It’s no secret that great minds think alike. That’s probably one reason why it’s common for people to choose a spouse based on their own profession.
For example, in one study, a full 16% of married people in the education and healthcare industries were married to another education or healthcare professional. Nine percent of people working in social services were married to another person in the same profession, and 8% of police officers and firefighters also chose spouses with similar professions.
Know what else those occupations have in common? They’re also likely to qualify for public service loan forgiveness (PSLF).
Even if your spouse isn’t in a similar public service job, knowing how PSLF works—and how it impacts your family finances—can help you make an informed decision about what the right course of action for dealing with your student loans is.
Student Loans and Marriage
In the words of the great Peter Cook from The Princess Bride, “Mawage. Mawage is wot bwings us togedah tooday.”
All joking aside, marriage brings a lot more than just people together—it also brings your student loans together, at least in terms of how you manage them as a family.
Let’s be clear: your Federal student loans will always stay in your name. Your spouse will never hold legal liability to pay back your Federal student loans for you, except in the unlikely event you receive an unfavorable court ruling in a divorce.
However, just because you’re technically on the hook for your loans and your spouse is on the hook for theirs doesn’t mean that each person’s loans won’t impact the other person. If you have to make a $500 payment towards your student loans each month and your spouse only has to make a $100 payment, that’s $500 that you can’t use to pay off your spouse’s student loans early. (Or, depending on how you look at it, that’s $100 that you can’t use to pay off your own student loans early.)

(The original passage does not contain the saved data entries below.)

(* Let the loss $f(\cdot,z)$ be convex and $\beta$-smooth for all $z\in\mathcal{Z}$. Consider full-batch GD with $T$ iterations and learning rates $\eta_t\le1/(2\beta)$ for all $t\le T+1$. Then $$|\epsilon_{\mathrm{gen}}|\le\frac{4\sqrt{2\beta(\epsilon_{\mathrm{opt}}+\epsilon_{\mathbf{c}})\,\epsilon_{\mathrm{path}}}}{n}\sqrt{\sum_{t=1}^T\eta_t}+8\beta\frac{\epsilon_{\mathrm{path}}}{n^2}\sum_{t=1}^T\eta_t .$$
   Context: Let $\mathcal{D}$ be a distribution on $\mathcal{Z}$ and $z_1,\dots,z_n$ i.i.d. from $\mathcal{D}$; $S=(z_1,\dots,z_n)$. The loss $f:\mathbb{R}^d\times\mathcal{Z}\to[0,\infty)$ is non-negative; $\beta$-smooth means $\|\nabla f(w,z)-\nabla f(u,z)\|_2\le\beta\|w-u\|_2$. $R(w)=\mathbb{E}_{Z\sim\mathcal{D}}[f(w,Z)]$, $R_S(w)=\frac1n\sum_j f(w,z_j)$, $W^*_S$ a minimizer of $R_S$ (assumed to exist). Full-batch GD: from a fixed $W_1$, $W_{t+1}=W_t-\frac{\eta_t}{n}\sum_{j=1}^n\nabla f(W_t,z_j)$, $t=1,\dots,T$, output $A(S)=W_{T+1}$. Definitions: $\epsilon_{\mathrm{gen}}=\mathbb{E}[R(A(S))-R_S(A(S))]$; $\epsilon_{\mathrm{opt}}=\mathbb{E}[R_S(A(S))-R_S(W^*_S)]$; $\epsilon_{\mathbf{c}}=\mathbb{E}[R_S(W^*_S)]$; $\epsilon_{\mathrm{path}}=\sum_{t=1}^T\eta_t\mathbb{E}[\|\nabla f(W_t,z_i)\|_2^2]$ for a fixed index $i$. *)

theory Defs
  imports "HOL-Probability.Probability"
begin

definition pop_risk :: "'z measure \<Rightarrow> ('w \<Rightarrow> 'z \<Rightarrow> real) \<Rightarrow> 'w \<Rightarrow> real" where
  "pop_risk D f w = (\<integral>z. f w z \<partial>D)"

definition emp_risk :: "nat \<Rightarrow> ('w \<Rightarrow> 'z \<Rightarrow> real) \<Rightarrow> (nat \<Rightarrow> 'z) \<Rightarrow> 'w \<Rightarrow> real" where
  "emp_risk n f S w = (\<Sum>j<n. f w (S j)) / real n"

The point is that you’d like to be responsible for your own student loan debt—and, legally, you are. But in reality, it’s not possible for you or your spouse’s loans to not affect the other person unless you never get legally married. Even then, if you live together in a non-married domestic partnership, it will still affect your joint finances.

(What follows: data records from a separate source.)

(* For the next-symbol prediction task $\mathrm{Learn}(n,N,q_{NSP},\pi)$, $$I(X_S;P\mid K)\le \mu_1 n\cdot\frac{d+1}{2}\cdot(1-h(\delta/2))+\mu_1 n\log N.$$
   Context: Learning task $\mathrm{Learn}(n,N,q_c,\pi)$: a problem instance $P=(D,C)$ with $C=(C_1,\dots,C_N)$ i.i.d. from $q_c$ and $D(j)=\delta_j/\sum_i\delta_i$ with $\delta_j$ i.i.d. uniform over the entries of $\pi$; the data set $X$ consists of $n$ i.i.d. examples drawn by picking $j\sim D$ then drawing from subpopulation $j$. $X_S$ is the set of singletons (examples that are the unique representative of their subpopulation in $X$), $K=|X_S|$, $\mu_1=\mathbb E[K]/n$. Component distribution $q_{NSP}$ (for $d\ge 1$, $\delta\in[0,1)$): subpopulation $j$ has a uniform reference string $c_j\in\{0,1\}^d$; an example from $j$ has $\ell$ uniform in $\{0,\dots,d-1\}$, feature $(j,z)$ with $z=\mathrm{BSC}_{\delta/2}(c_j(1{:}\ell))$ and label $y=\mathrm{BSC}_{\delta/2}(c_j(\ell+1))$; $\mathrm{BSC}_p$ flips each bit independently w.p. $p$. $h$ is binary entropy, logs base 2. *)

theory Defs
  imports "HOL-Probability.Probability"
begin

text \<open>Binary entropy in bits (with 0 log 0 = 0, which holds since ln 0 = 0 in Isabelle).\<close>
definition bin_entropy :: "real \<Rightarrow> real" where
  "bin_entropy p = - p * log 2 p - (1 - p) * log 2 (1 - p)"

definition cond_mutual_info ::
  "real \<Rightarrow> 'w pmf \<Rightarrow> ('w \<Rightarrow> 'x) \<Rightarrow> ('w \<Rightarrow> 'y) \<Rightarrow> ('w \<Rightarrow> 'z) \<Rightarrow> real" where
  "cond_mutual_info b p X Y Z =
     (let J = map_pmf (\<lambda>w. (X w, Y w, Z w)) p;
          PXZ = map_pmf (\<lambda>w. (X w, Z w)) p;
          PYZ = map_pmf (\<lambda>w. (Y w, Z w)) p;
          PZ = map_pmf Z p
      in \<Sum>\<^sub>\<infinity>(x, y, z)\<in>set_pmf J.
           pmf J (x, y, z) * log b (pmf J (x, y, z) * pmf PZ z / (pmf PXZ (x, z) * pmf PYZ (y, z))))"

fun iid_list :: "nat \<Rightarrow> 'a pmf \<Rightarrow> 'a list pmf" where
  "iid_list 0 q = return_pmf []"
| "iid_list (Suc m) q = do { a \<leftarrow> q; as \<leftarrow> iid_list m q; return_pmf (a # as) }"

definition bsc :: "real \<Rightarrow> bool \<Rightarrow> bool pmf" where
  "bsc p b = map_pmf (\<lambda>flip. b \<noteq> flip) (bernoulli_pmf p)"

fun bsc_list :: "real \<Rightarrow> bool list \<Rightarrow> bool list pmf" where
  "bsc_list p [] = return_pmf []"
| "bsc_list p (b # bs) = do { b' \<leftarrow> bsc p b; bs' \<leftarrow> bsc_list p bs; return_pmf (b' # bs') }"

text \<open>Component distribution of a subpopulation with reference string c (length d), for q_NSP:
  an example is (z, y) where z = BSC(c(1:l)) and y = BSC(c(l+1)), l uniform in {0..d-1};
  the feature is (j, z) once the subpopulation index j is attached. Indices are 0-based.\<close>
definition nsp_component :: "nat \<Rightarrow> real \<Rightarrow> bool list \<Rightarrow> (bool list \<times> bool) pmf" where
  "nsp_component d \<delta> c = do {
      l \<leftarrow> pmf_of_set {0..<d};
      z \<leftarrow> bsc_list (\<delta> / 2) (take l c);
      y \<leftarrow> bsc (\<delta> / 2) (c ! l);
      return_pmf (z, y) }"

definition q_NSP :: "nat \<Rightarrow> real \<Rightarrow> (bool list \<times> bool) pmf pmf" where
  "q_NSP d \<delta> = map_pmf (nsp_component d \<delta>) (pmf_of_set {c. length c = d})"

text \<open>The learning task Learn(n, N, q_c, pi): joint distribution of the problem instance
  P = (D, C) (D given as the list [D(0),...,D(N-1)], C the list of N component
  distributions) and the data set X, a list of n examples (j, e) with j the
  subpopulation index and e the draw from subpopulation j.\<close>
definition learn_pmf :: "nat \<Rightarrow> nat \<Rightarrow> 'e pmf pmf \<Rightarrow> real list \<Rightarrow>
    ((real list \<times> 'e pmf list) \<times> (nat \<times> 'e) list) pmf" where
  "learn_pmf n N qc \<pi> = do {
      C \<leftarrow> iid_list N qc;
      \<delta>s \<leftarrow> iid_list N (map_pmf (\<lambda>i. \<pi> ! i) (pmf_of_set {..<length \<pi>}));
      let D = map (\<lambda>x. x / sum_list \<delta>s) \<delta>s;
      X \<leftarrow> iid_list n (do {
              j \<leftarrow> embed_pmf (\<lambda>j. if j < N then D ! j else 0);
              e \<leftarrow> C ! j;
              return_pmf (j, e) });
      return_pmf ((D, C), X) }"

definition singletons :: "(nat \<times> 'e) list \<Rightarrow> (nat \<times> 'e) set" where
  "singletons X = {x \<in> set X. length (filter (\<lambda>y. fst y = fst x) X) = 1}"

end

theory Submission
  imports Defs
begin

text \<open>Given the instance \<open>P\<close> and \<open>K = k\<close>, a set \<open>s\<close> of singletons has probability at most
  \<open>\<Prod>(j, e)\<in>s. C\<^sub>j(e)\<close>: the singletons lie in distinct subpopulations, so they are independent
  draws of their components. The set of \<open>k\<close> independent draws from \<open>\<nu> = Unif[N] \<times> q\<^sub>0\<close>, where
  \<open>q\<^sub>0\<close> is the component with uniformly random bits, gives \<open>s\<close> probability at least
  \<open>\<Prod>(j, e)\<in>s. \<nu>(j, e)\<close>. By the variational bound \<open>I(X; Y | Z) \<le> E log (R / Q)\<close>, the information
  is at most \<open>E \<Sum>(j, e)\<in>X\<^sub>S. log (C\<^sub>j(e) / \<nu>(j, e))\<close>, that is \<open>E K\<close> times \<open>log N\<close> plus the
  divergence of a component from \<open>q\<^sub>0\<close>. A prompt of length \<open>l\<close> and its label cost \<open>l + 1\<close> bits
  under \<open>q\<^sub>0\<close> but only \<open>(l + 1) h(\<delta>/2)\<close> bits under the component; averaging over \<open>l\<close> gives
  \<open>(d + 1)/2 \<cdot> (1 - h(\<delta>/2))\<close>.\<close>

section \<open>A variational upper bound on conditional mutual information\<close>

lemma log_le_diff_one_div_ln: "b > 1 \<Longrightarrow> x > 0 \<Longrightarrow> log b x \<le> (x - 1) / ln b"
  by (simp add: log_def divide_right_mono ln_le_minus_one)

lemma cond_mutual_info_summand_le:
  fixes a pz pxz pyz r q b :: real
  assumes "b > 1" "a > 0" "pz > 0" "pxz > 0" "pyz > 0" "r > 0" "q > 0" "a \<le> r * pyz"
  shows "a * log b (a * pz / (pxz * pyz)) \<le> a * log b (r / q) + a * (pz * q / pxz - 1) / ln b"
proof -
  define v where "v = a * pz * q / (pxz * pyz * r)"
  have v_pos: "v > 0" using assms by (simp add: v_def)
  have "log b (a * pz / (pxz * pyz)) = log b ((r / q) * v)"
    using assms by (simp add: v_def field_simps)
  also have "\<dots> = log b (r / q) + log b v"
    using assms v_pos by (intro log_mult_pos) auto
  finally have split: "log b (a * pz / (pxz * pyz)) = log b (r / q) + log b v" .
  have "v = a / (pyz * r) * (pz * q / pxz)"
    using assms unfolding v_def by (simp add: field_simps)
  also have "\<dots> \<le> pz * q / pxz"
    using assms by (intro mult_left_le_one_le) (auto simp: field_simps)
  finally have "log b v \<le> (pz * q / pxz - 1) / ln b"
    using log_le_diff_one_div_ln[OF assms(1) v_pos] assms(1)
    by (smt (verit) divide_right_mono ln_gt_zero)
  then show ?thesis
    unfolding split distrib_left using assms(2)
    by (metis mult_left_mono add_left_mono less_imp_le times_divide_eq_right)
qed

lemma sum_pmf_le_1: "finite A \<Longrightarrow> (\<Sum>x\<in>A. pmf p x) \<le> 1"
  using measure_measure_pmf_finite[of A p] measure_pmf.prob_le_1[of p A] by simp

How Public Service Loan Forgiveness Works
PSLF can be a confusing program. We’ll briefly go over how the PSLF program works here to help you understand better how it impacts your combined wallet.
You Need to Be on an Income-Driven Repayment Plan to Use the Public Service Loan Forgiveness Program
When you graduate college with your Federal student loans, you’re automatically entered into a standard 10-year repayment plan. If you have a low income after you graduate, you can choose to enter into an income-driven repayment plan. There are three good income-driven repayment plans currently available:
- Income-Based Repayment (IBR)
- Pay As You Earn (PAYE)
- Revised Pay As You Earn (REPAYE)
Most people with Federal loans can apply for these income-driven repayment plans, regardless of what type of employer they work for. After 20-25 years, your remaining loan balance will be forgiven.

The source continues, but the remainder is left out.